Github: https://github.com/hpcaitech/Open-Sora
π Reports
- Tech Report of Open-Sora 2.0
- Step by step to train or finetune your own model
- Step by step to train and evaluate an video autoencoder
- Visit the high compression video autoencoder
- Reports of previous version (better see in according branch):
- Open-Sora 1.3: shift-window attention, unified spatial-temporal VAE, etc.
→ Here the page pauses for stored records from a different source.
(* Let $\mathcal A=\{a_1,\dots,a_n\}\subset\mathbb Z^d$ with $n\ge d+2$ and $d$-dimensional convex hull, and let $C=(c_{ij})\in\mathbb R^{d\times n}$. Assume there are $p$ $d$-simplices $\Delta_1,\dots,\Delta_p$ of $\mathcal A$ which are part of a (common) regular subdivision of $\mathcal A$ and are positively decorated by $C$. Let $m_1,\dots,m_\ell\in\mathbb R^n$ be vectors such that \[ \mathcal C_{\Delta_1,\dots,\Delta_p}=\{h\in\mathbb R^n:\ \langle m_r,h\rangle>0,\ r=1,\dots,\ell\}, \] where $\mathcal C_{\Delta_1,\dots,\Delta_p}$ is the cone of all height vectors inducing a regular subdivision of $\mathcal A$ containing $\Delta_1,\dots,\Delta_p$. Then for any $\varepsilon\in(0,1)^\ell$ there exists $t_0(\varepsilon)>0$ such that for any $\gamma$ in the open set \[ U=\bigcup_{\varepsilon\in(0,1)^\ell}\{\gamma\in\mathbb R^n_{>0}:\ \gamma^{m_r}<t_0(\varepsilon)^{\varepsilon_r},\ r=1,\dots,\ell\}, \] the system \[ \sum_{j=1}^n c_{ij}\,\gamma_j\,x^{a_j}=0,\qquad i=1,\dots,d, \] has at least $p$ nondegenerate solutions in the positive orthant $\mathbb R^d_{>0}$. In particular, when $p=2$ and the two positively decorated $d$-simplices share a facet, this system has at least $2$ nondegenerate positive solutions for all $\gamma\in U$.
   Context: $\gamma^{m}=\prod_k\gamma_k^{m_k}$. A $d$-simplex of $\mathcal A$ is a subset of $d+1$ affinely independent points. Regular subdivisions: for $h\in\mathbb R^n$ lift $a_j$ to $(a_j,h_j)\in\mathbb R^{d+1}$; lower faces of the convex hull of the lifted points are those with an inner normal of positive last coordinate; each lower face $F$ gives the cell $\{a_j:(a_j,h_j)\in F\}$; the collection of cells is the regular subdivision induced by $h$, and a simplex is part of it if it is one of its cells. Two $d$-simplices share a facet if the intersection of their convex hulls is a facet of both. A real $d\times(d+1)$ matrix $M$ is positively spanning if the numbers $(-1)^i\mathrm{minor}(M,i)$ are all nonzero of the same sign, $\mathrm{minor}(M,i)$ being the determinant after deleting column $i$. A $d$-simplex $\{a_{i_1},\dots,a_{i_{d+1}}\}$ is positively decorated by $C$ if the submatrix of $C$ with columns $i_1,\dots,i_{d+1}$ is positively spanning. A solution is nondegenerate if the Jacobian determinant of the system does not vanish at it. *)

theory Defs
  imports "HOL-Analysis.Analysis"
begin

definition real_pt :: "int^'d::finite \<Rightarrow> real^'d" where
  "real_pt a = (\<chi> k. real_of_int (a $ k))"

definition monom :: "real^'d \<Rightarrow> int^'d \<Rightarrow> real" where
  "monom x a = (\<Prod>k\<in>UNIV. (x $ k) powi (a $ k))"

definition is_simplex :: "nat \<Rightarrow> (nat \<Rightarrow> int^'d) \<Rightarrow> nat set \<Rightarrow> bool" where
  "is_simplex n a S \<longleftrightarrow> S \<subseteq> {..<n} \<and> card S = CARD('d) + 1 \<and>
      \<not> affine_dependent (real_pt ` a ` S)"

definition lower_face :: "((real^'d) \<times> real) set \<Rightarrow> ((real^'d) \<times> real) set \<Rightarrow> bool" where
  "lower_face P F \<longleftrightarrow> F face_of P \<and> F \<noteq> {} \<and>
     (\<exists>u u0. u0 > 0 \<and> F = {z \<in> P. \<forall>y\<in>P. inner (u, u0) z \<le> inner (u, u0) y})"

definition lifted_hull :: "nat \<Rightarrow> (nat \<Rightarrow> int^'d) \<Rightarrow> (nat \<Rightarrow> real) \<Rightarrow> ((real^'d) \<times> real) set" where
  "lifted_hull n a h = convex hull ((\<lambda>j. (real_pt (a j), h j)) ` {..<n})"

definition in_regular_subdivision ::
  "nat \<Rightarrow> (nat \<Rightarrow> int^'d) \<Rightarrow> (nat \<Rightarrow> real) \<Rightarrow> nat set \<Rightarrow> bool" where
  "in_regular_subdivision n a h S \<longleftrightarrow>
     (\<exists>F. lower_face (lifted_hull n a h) F \<and> S = {j. j < n \<and> (real_pt (a j), h j) \<in> F})"

definition enum_idx :: "'d::finite \<Rightarrow> nat" where
  "enum_idx = (SOME f. bij_betw f (UNIV::'d set) {..<CARD('d)})"

definition minor :: "(real^'d) list \<Rightarrow> nat \<Rightarrow> real" where
  "minor cs i = (let ds = take i cs @ drop (Suc i) cs in
      det (\<chi> r c. (ds ! enum_idx c) $ r :: real^'d^'d))"

definition positively_spanning :: "(real^'d) list \<Rightarrow> bool" where
  "positively_spanning cs \<longleftrightarrow> length cs = CARD('d) + 1 \<and>
     ((\<forall>i\<le>CARD('d). (-1) ^ i * minor cs i > 0) \<or> (\<forall>i\<le>CARD('d). (-1) ^ i * minor cs i < 0))"

text \<open>Simplex S positively decorated by C (C given by its columns C j, j < n).\<close>
definition positively_decorated :: "(nat \<Rightarrow> real^'d) \<Rightarrow> nat set \<Rightarrow> bool" where
  "positively_decorated C S \<longleftrightarrow> positively_spanning (map C (sorted_list_of_set S))"

definition system :: "nat \<Rightarrow> (nat \<Rightarrow> int^'d) \<Rightarrow> (nat \<Rightarrow> real^'d) \<Rightarrow> (nat \<Rightarrow> real) \<Rightarrow> real^'d \<Rightarrow> real^'d" where
  "system n a C \<gamma> x = (\<chi> i. \<Sum>j<n. (C j $ i) * \<gamma> j * monom x (a j))"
- Open-Sora 1.2, Tech Report: rectified flow, 3d-VAE, score condition, evaluation, etc.
- Open-Sora 1.1: multi-resolution/length/aspect-ratio, image/video conditioning/editing, data preprocessing, etc.
- Open-Sora 1.0: architecture, captioning, etc.
π Since Open-Sora is under active development, we remain different branchs for different versions. The latest version is main. Old versions include: v1.0, v1.1, v1.2, v1.3.
Quickstart
Installation
# create a virtual env and activate (conda as an example)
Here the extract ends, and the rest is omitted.